text \<open>Monotonicity of the distance to the anchor along the path replaces the weak compactness
  argument of the usual proof of Browder's theorem.\<close>

theorem browder_path_tendsto_metric_proj:
  assumes u: "u \<in> D"
    and t: "\<And>n. 0 < t n" "\<And>n. t n \<le> 1" "\<And>m n. n < m \<Longrightarrow> t m < t n" "t \<longlonglongrightarrow> 0"
    and c: "\<And>n. c n \<in> D" "\<And>n. c n = t n *\<^sub>R u + (1 - t n) *\<^sub>R V (c n)"
  shows "metric_proj (Fix D V) u \<in> Fix D V" "c \<longlonglongrightarrow> metric_proj (Fix D V) u"
proof -
  have anchor: "(norm (c n - q))\<^sup>2 \<le> inner (u - q) (c n - q)" if "q \<in> Fix D V" for n q
    using that c(1) dist_fixed_point_le[OF c(1) that] unfolding Fix_def
    by (intro anchored_point_sq_dist_le_inner[where V = V, OF t(1,2) c(2)]) auto
  obtain q0 where q0: "q0 \<in> Fix D V"
    using Fix_nonempty by blast
  have "norm (c n - u) \<le> 2 * norm (u - q0)" for n
  proof -
    have "(norm (c n - q0))\<^sup>2 \<le> norm (u - q0) * norm (c n - q0)"
      using anchor[OF q0, of n] norm_cauchy_schwarz[of "u - q0" "c n - q0"] by linarith
    then have "norm (c n - q0) \<le> norm (u - q0)"
      by (rule le_if_square_le_mult[OF norm_ge_zero norm_ge_zero])
    then show ?thesis
      using norm_triangle_ineq4[of "c n - q0" "u - q0"] by simp
  qed
  then have "(norm (c n - u))\<^sup>2 \<le> (2 * norm (u - q0))\<^sup>2" for n
    by (intro power_mono) auto
  moreover have "(norm (c m - c n))\<^sup>2 \<le> (norm (c m - u))\<^sup>2 - (norm (c n - u))\<^sup>2" if "n \<le> m" for m n
  proof (cases "n = m")
    case False
    with that have "t m < t n"
      using t(3) by simp
    then show ?thesis
      using t(1,2) c nonexpansive_onD[OF nonexpansive]
      by (intro anchored_points_sq_dist_le[where V = V]) (auto intro: less_imp_le)
  qed simp
  ultimately have "Cauchy c"
    by (intro Cauchy_if_sq_dist_le_increments[where g = "\<lambda>n. (norm (c n - u))\<^sup>2"])
  then obtain p where cp: "c \<longlonglongrightarrow> p"
    using Cauchy_convergent_iff convergent_def by blast
  have "p \<in> D"
    using closed c(1) cp closed_sequentially by blast
  then have p: "p \<in> Fix D V"
    using anchored_path_limit_fixed[where V = V, OF c(2) t(4) cp tendsto_V[OF c(1) _ cp]]
    unfolding Fix_def by simp
  have "inner (u - p) (q - p) \<le> 0" if "q \<in> Fix D V" for q
  proof -
    have "(norm (p - q))\<^sup>2 \<le> inner (u - q) (p - q)"
    proof (rule LIMSEQ_le)
      show "(\<lambda>n. (norm (c n - q))\<^sup>2) \<longlonglongrightarrow> (norm (p - q))\<^sup>2"
        "(\<lambda>n. inner (u - q) (c n - q)) \<longlonglongrightarrow> inner (u - q) (p - q)"
        using cp by (auto intro!: tendsto_intros)
    qed (use anchor[OF that] in auto)
    moreover have "inner (u - p) (q - p) = (norm (p - q))\<^sup>2 - inner (u - q) (p - q)"
      unfolding power2_norm_eq_inner by (simp add: inner_diff_left inner_diff_right inner_commute)
    ultimately show ?thesis
      by linarith
  qed
  then have "metric_proj (Fix D V) u = p"
    by (rule metric_proj_eqI[OF p])
  then show "metric_proj (Fix D V) u \<in> Fix D V" "c \<longlonglongrightarrow> metric_proj (Fix D V) u"
    using p cp by simp_all
qed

---*---

| Problem to work on |
Go back to the listing above. Copy word for word the lines from the one with "by (intro power_mono) auto" through the one with "using t(1,2) c", and nothing more.

| Final answer |
    by (intro power_mono) auto
  moreover have "(norm (c m - c n))\<^sup>2 \<le> (norm (c m - u))\<^sup>2 - (norm (c n - u))\<^sup>2" if "n \<le> m" for m n
  proof (cases "n = m")
    case False
    with that have "t m < t n"
      using t(3) by simp
    then show ?thesis
      using t(1,2) c nonexpansive_onD[OF nonexpansive]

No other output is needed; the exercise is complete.